Actually, you can cheat a little bit here and not even have an init statement, but in that case, it is created implicitly. Init is the method that is run whenever you create a new object of that class type. If you have program that creates tweets for processing, then putting things in the init (such as when you created the tweet) will then be available for later. 

### Note 3. Classes can have subclasses

If you create a class, it can inherit the methods of another class. This is a common pattern in python programming. That is, the systemm will provide a class with some empty methods and then you create a subclass that overwrites those methods with ones that do the things you want to do. This can be a bit abstract, so we will just leave it here. Later on you will see methods like HTMLparser and TweetStreamer that want you to create a subclass to handle data that comes in. Below is a basic example of this.

In [None]:
class Fruit():
    def __init__ (self):
        self.name = "Fruit"
    
    def getName(self):
        return self.name
    
class Apple(Fruit):  # This is Apple inheriting the methods and properties of Fruit
    def __init__ (self,variety=""):
        self.name = "Apple"
        self.variety = type

granny_smith = Apple(variety="Granny Smith")
print(granny_smith.getName())

Notice in the above example, we did not make a ```getName``` for Apple? Instead we _inherited_ it from fruit. 

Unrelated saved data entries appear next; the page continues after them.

theorem corollary4p16:
  fixes A B :: "'a::{real_inner,complete_space} set"
    and f :: "'a \<Rightarrow> real" and e :: 'a
  assumes "closed A" "convex A" "A \<noteq> {}"
    and "closed B" "convex B" "B \<noteq> {}"
    and "e \<in> A" "e + displacement A B \<in> B"
    and "bounded_linear f" "onorm f = 1"
    and "\<forall>b\<in>B. f e \<le> f (b - displacement A B)"
    and "\<forall>a\<in>A. f a \<le> f e"
    and "strongly_exposes f A e"
  shows "stable_couple A B"
proof -
  define w where "w = e + displacement A B"
  have f_le_norm: "\<forall>u. \<bar>f u\<bar> \<le> norm u"
    using onorm[OF assms(9)] assms(10) by simp
  have supports: "\<forall>b\<in>B. f w \<le> f b"
  proof
    fix b
    assume "b \<in> B"
    then have "f e \<le> f (b - displacement A B)"
      using assms(11) by blast
    then show "f w \<le> f b"
      using bounded_linear.linear[OF assms(9)] by (simp add: w_def linear_add linear_diff)
  qed
  note proj = metric_proj_displacement[OF assms(1,2,4,5,7,8), folded w_def]
  note conv = alt_a_tendsto[OF assms(1-6) _ _ _ _ assms(13) f_le_norm proj supports]
    alt_b_tendsto[OF assms(1-6) _ _ _ _ assms(13) f_le_norm proj supports]
  show ?thesis
    using best_approximation_points[OF assms(1,2,4,5,7,8)] conv
    unfolding stable_couple_def convergent_def by blast
qed

end
(* Let $1\le p<\infty$, $0\le\lambda_1,\lambda_2<n$ with $0<\lambda_1+\lambda_2<n$, let $w$ be a weight on $\mathbb{R}^n$ and $\varphi(B)=r_B^{\lambda_1}w(B)^{\lambda_2/n}$. Suppose $w\in A(\mathcal M^{p}(\varphi))$. Then: (a) for all balls $B_1\subset B_2$, $$\frac{w(B_1)}{w(B_2)}\le C\left(\frac{|B_1|}{|B_2|}\right)^{\frac{\lambda_1}{n-\lambda_2}},$$ with $C$ independent of the balls; that is, $w\in RD_{\lambda_1/(n-\lambda_2)}$; (b) $w\in A_{\frac{np+\lambda_1}{n-\lambda_2}}$.
   Context: A weight is a nonnegative locally integrable function; $w(E)=\int_Ew$; $r_B$ is the radius of the ball $B$. $\mathcal M^{p}(\varphi,w)$: measurable $f$ with $\|f\|_{\mathcal M^{p}(\varphi,w)}:=\sup_B\big(\varphi(B)^{-1}\int_B|f|^pw\big)^{1/p}<\infty$, over all balls. Köthe dual: $\|g\|_{X'}:=\sup\{\int|fg|:\|f\|_X\le1\}$. $w\in A(\mathcal M^{p}(\varphi))$ means $\sup_B\|\chi_B\|_{\mathcal M^{p}(\varphi,w)}\|\chi_B\|_{\mathcal M^{p}(\varphi,w)'}/|B|<\infty$ over all balls. $RD_\delta$: weights with $w(B_1)/w(B_2)\le C(|B_1|/|B_2|)^\delta$ for balls $B_1\subset B_2$. $A_r$ ($r>1$) is the usual Muckenhoupt class: $\sup_B (|B|^{-1}\int_Bw)(|B|^{-1}\int_Bw^{1-r'})^{r-1}<\infty$. *)

theory Defs
  imports "HOL-Analysis.Analysis"
begin

definition is_weight :: "('a::euclidean_space \<Rightarrow> real) \<Rightarrow> bool" where
  "is_weight w \<longleftrightarrow> (\<forall>x. 0 \<le> w x) \<and> w \<in> borel_measurable lebesgue \<and>
     (\<forall>K. compact K \<longrightarrow> set_integrable lebesgue K w)"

# Section 4. Brief note on style. 

There are different ways to write vvariable names. There is: 

A. concatenatewords

B. underscore_words

C. camelCase

D. also, CamelCase

E. hyphen-words

F. UPPERCASE

So when are these used, is there any consistency and why? These tend to be slightly different depending on program and project, but there are some general guidelines. 

A. Classes: 
    - CamelCase, like DataFrame or DoubleNumber
B. Functions 
    - camelCase like getNumber. Function names are more inconsistent. 
C. Variables
    - underscore_words like muppet_list. 
D. Static variables. 
    - UPPERCASE like DOWNLOADDIR. Upper case means that the variable should not change throughout the program, like a setting or a REGISTRY_KEY in Windows.
    
These are rarely consistent, but this tends to be the case. It should help you navigate variable names and make your code and the code of others easier to read.